Action item. Each entry, from beginning to end, is to be transcribed verbatim.

[Records from a dataset]
=== Begin Enclosure ===
locale mlp_setting =
  fixes d M dd :: nat and T :: real and a :: "real \<Rightarrow> real"
    and J F G :: ann
    and Uc :: "int list \<Rightarrow> real \<Rightarrow> real"
    and W :: "int list \<Rightarrow> real \<Rightarrow> real vec"
    and U :: "int list \<Rightarrow> nat \<Rightarrow> real \<Rightarrow> real vec \<Rightarrow> real"
    and UU :: "int list \<Rightarrow> nat \<Rightarrow> real \<Rightarrow> ann"
  assumes M_pos: "1 \<le> M" and dd_pos: "1 \<le> dd" and continuous_a: "continuous_on UNIV a"
    and J_is_ANN: "is_ANN J" and J_dims: "ann_D J = [1, dd, 1]" and J_realizes_id: "\<forall>x \<in> carrier_vec 1. realize a J x = x"
    and F_is_ANN: "is_ANN F" and F_in_C: "realization_in_C a F 1 1"
    and G_is_ANN: "is_ANN G" and G_in_C: "realization_in_C a G d 1"
    and Uc_range: "\<forall>\<theta> \<in> Theta. \<forall>t \<in> {0..T}. Uc \<theta> t \<in> {0..T}"
    and W_range: "\<forall>\<theta> \<in> Theta. \<forall>s \<in> {-T..T}. W \<theta> s \<in> carrier_vec d"
    and U_rec: "\<forall>\<theta> \<in> Theta. \<forall>n. \<forall>t \<in> {0..T}. \<forall>x \<in> carrier_vec d.
        U \<theta> n t x =
          indN n / real M ^ n *
            (\<Sum>k = 1..M ^ n. realize a G (x + W (\<theta> @ [0, - int k]) (T - t)) $ 0)
          + (\<Sum>i<n. (T - t) / real M ^ (n - i) *
              (\<Sum>k = 1..M ^ (n - i).
                 realize a F (vec 1 (\<lambda>_. U (\<theta> @ [int i, int k]) i (Uc (\<theta> @ [int i, int k]) t)
                    (x + W (\<theta> @ [int i, int k]) (Uc (\<theta> @ [int i, int k]) t - t)))) $ 0
                 - indN i *
                   realize a F (vec 1 (\<lambda>_. U (\<theta> @ [- int i, int k]) (max (i - 1) 0)
                    (Uc (\<theta> @ [int i, int k]) t)
                    (x + W (\<theta> @ [int i, int k]) (Uc (\<theta> @ [int i, int k]) t - t)))) $ 0))"
    and UU_is_ANN: "\<forall>\<theta> \<in> Theta. \<forall>n. \<forall>t \<in> {0..T}. is_ANN (UU \<theta> n t)"
    and UU_0: "\<forall>\<theta> \<in> Theta. \<forall>t \<in> {0..T}. UU \<theta> 0 t = ann_A (0\<^sub>m 1 d) (0\<^sub>v 1)"
    and UU_rec: "\<forall>\<theta> \<in> Theta. \<forall>n \<ge> 1. \<forall>t \<in> {0..T}.
        UU \<theta> n t = ann_boxplus J
          [ ann_sum (map (\<lambda>k. ann_scalar (1 / real M ^ n)
                (ann_comp G (ann_A (1\<^sub>m d) (W (\<theta> @ [0, - int k]) (T - t)))))
              [1..<M ^ n + 1]),
            ann_boxplus J (map (\<lambda>i. ann_scalar ((T - t) / real M ^ (n - i))
                (ann_boxplus J (map (\<lambda>k.
                   ann_comp (ann_comp F (UU (\<theta> @ [int i, int k]) i (Uc (\<theta> @ [int i, int k]) t)))
                     (ann_A (1\<^sub>m d) (W (\<theta> @ [int i, int k]) (Uc (\<theta> @ [int i, int k]) t - t))))
                 [1..<M ^ (n - i) + 1])))
              [0..<n]),
            ann_boxplus J (map (\<lambda>i. ann_scalar ((t - T) * indN i / real M ^ (n - i))
                (ann_boxplus J (map (\<lambda>k.
                   ann_comp (ann_comp F (UU (\<theta> @ [- int i, int k]) (max (i - 1) 0)
                               (Uc (\<theta> @ [int i, int k]) t)))
                     (ann_A (1\<^sub>m d) (W (\<theta> @ [int i, int k]) (Uc (\<theta> @ [int i, int k]) t - t))))
                 [1..<M ^ (n - i) + 1])))
              [0..<n]) ]"
begin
=== End Enclosure ===
Result.
locale mlp_setting =
  fixes d M dd :: nat and T :: real and a :: "real \<Rightarrow> real"
    and J F G :: ann
    and Uc :: "int list \<Rightarrow> real \<Rightarrow> real"
    and W :: "int list \<Rightarrow> real \<Rightarrow> real vec"
    and U :: "int list \<Rightarrow> nat \<Rightarrow> real \<Rightarrow> real vec \<Rightarrow> real"
    and UU :: "int list \<Rightarrow> nat \<Rightarrow> real \<Rightarrow> ann"
  assumes M_pos: "1 \<le> M" and dd_pos: "1 \<le> dd" and continuous_a: "continuous_on UNIV a"
    and J_is_ANN: "is_ANN J" and J_dims: "ann_D J = [1, dd, 1]" and J_realizes_id: "\<forall>x \<in> carrier_vec 1. realize a J x = x"
    and F_is_ANN: "is_ANN F" and F_in_C: "realization_in_C a F 1 1"
    and G_is_ANN: "is_ANN G" and G_in_C: "realization_in_C a G d 1"
    and Uc_range: "\<forall>\<theta> \<in> Theta. \<forall>t \<in> {0..T}. Uc \<theta> t \<in> {0..T}"
    and W_range: "\<forall>\<theta> \<in> Theta. \<forall>s \<in> {-T..T}. W \<theta> s \<in> carrier_vec d"
    and U_rec: "\<forall>\<theta> \<in> Theta. \<forall>n. \<forall>t \<in> {0..T}. \<forall>x \<in> carrier_vec d.
        U \<theta> n t x =
          indN n / real M ^ n *
            (\<Sum>k = 1..M ^ n. realize a G (x + W (\<theta> @ [0, - int k]) (T - t)) $ 0)
          + (\<Sum>i<n. (T - t) / real M ^ (n - i) *
              (\<Sum>k = 1..M ^ (n - i).
                 realize a F (vec 1 (\<lambda>_. U (\<theta> @ [int i, int k]) i (Uc (\<theta> @ [int i, int k]) t)
                    (x + W (\<theta> @ [int i, int k]) (Uc (\<theta> @ [int i, int k]) t - t)))) $ 0
                 - indN i *
                   realize a F (vec 1 (\<lambda>_. U (\<theta> @ [- int i, int k]) (max (i - 1) 0)
                    (Uc (\<theta> @ [int i, int k]) t)
                    (x + W (\<theta> @ [int i, int k]) (Uc (\<theta> @ [int i, int k]) t - t)))) $ 0))"
    and UU_is_ANN: "\<forall>\<theta> \<in> Theta. \<forall>n. \<forall>t \<in> {0..T}. is_ANN (UU \<theta> n t)"
    and UU_0: "\<forall>\<theta> \<in> Theta. \<forall>t \<in> {0..T}. UU \<theta> 0 t = ann_A (0\<^sub>m 1 d) (0\<^sub>v 1)"
    and UU_rec: "\<forall>\<theta> \<in> Theta. \<forall>n \<ge> 1. \<forall>t \<in> {0..T}.
        UU \<theta> n t = ann_boxplus J
          [ ann_sum (map (\<lambda>k. ann_scalar (1 / real M ^ n)
                (ann_comp G (ann_A (1\<^sub>m d) (W (\<theta> @ [0, - int k]) (T - t)))))
              [1..<M ^ n + 1]),
            ann_boxplus J (map (\<lambda>i. ann_scalar ((T - t) / real M ^ (n - i))
                (ann_boxplus J (map (\<lambda>k.
                   ann_comp (ann_comp F (UU (\<theta> @ [int i, int k]) i (Uc (\<theta> @ [int i, int k]) t)))
                     (ann_A (1\<^sub>m d) (W (\<theta> @ [int i, int k]) (Uc (\<theta> @ [int i, int k]) t - t))))
                 [1..<M ^ (n - i) + 1])))
              [0..<n]),
            ann_boxplus J (map (\<lambda>i. ann_scalar ((t - T) * indN i / real M ^ (n - i))
                (ann_boxplus J (map (\<lambda>k.
                   ann_comp (ann_comp F (UU (\<theta> @ [- int i, int k]) (max (i - 1) 0)
                               (Uc (\<theta> @ [int i, int k]) t)))
                     (ann_A (1\<^sub>m d) (W (\<theta> @ [int i, int k]) (Uc (\<theta> @ [int i, int k]) t - t))))
                 [1..<M ^ (n - i) + 1])))
              [0..<n]) ]"
begin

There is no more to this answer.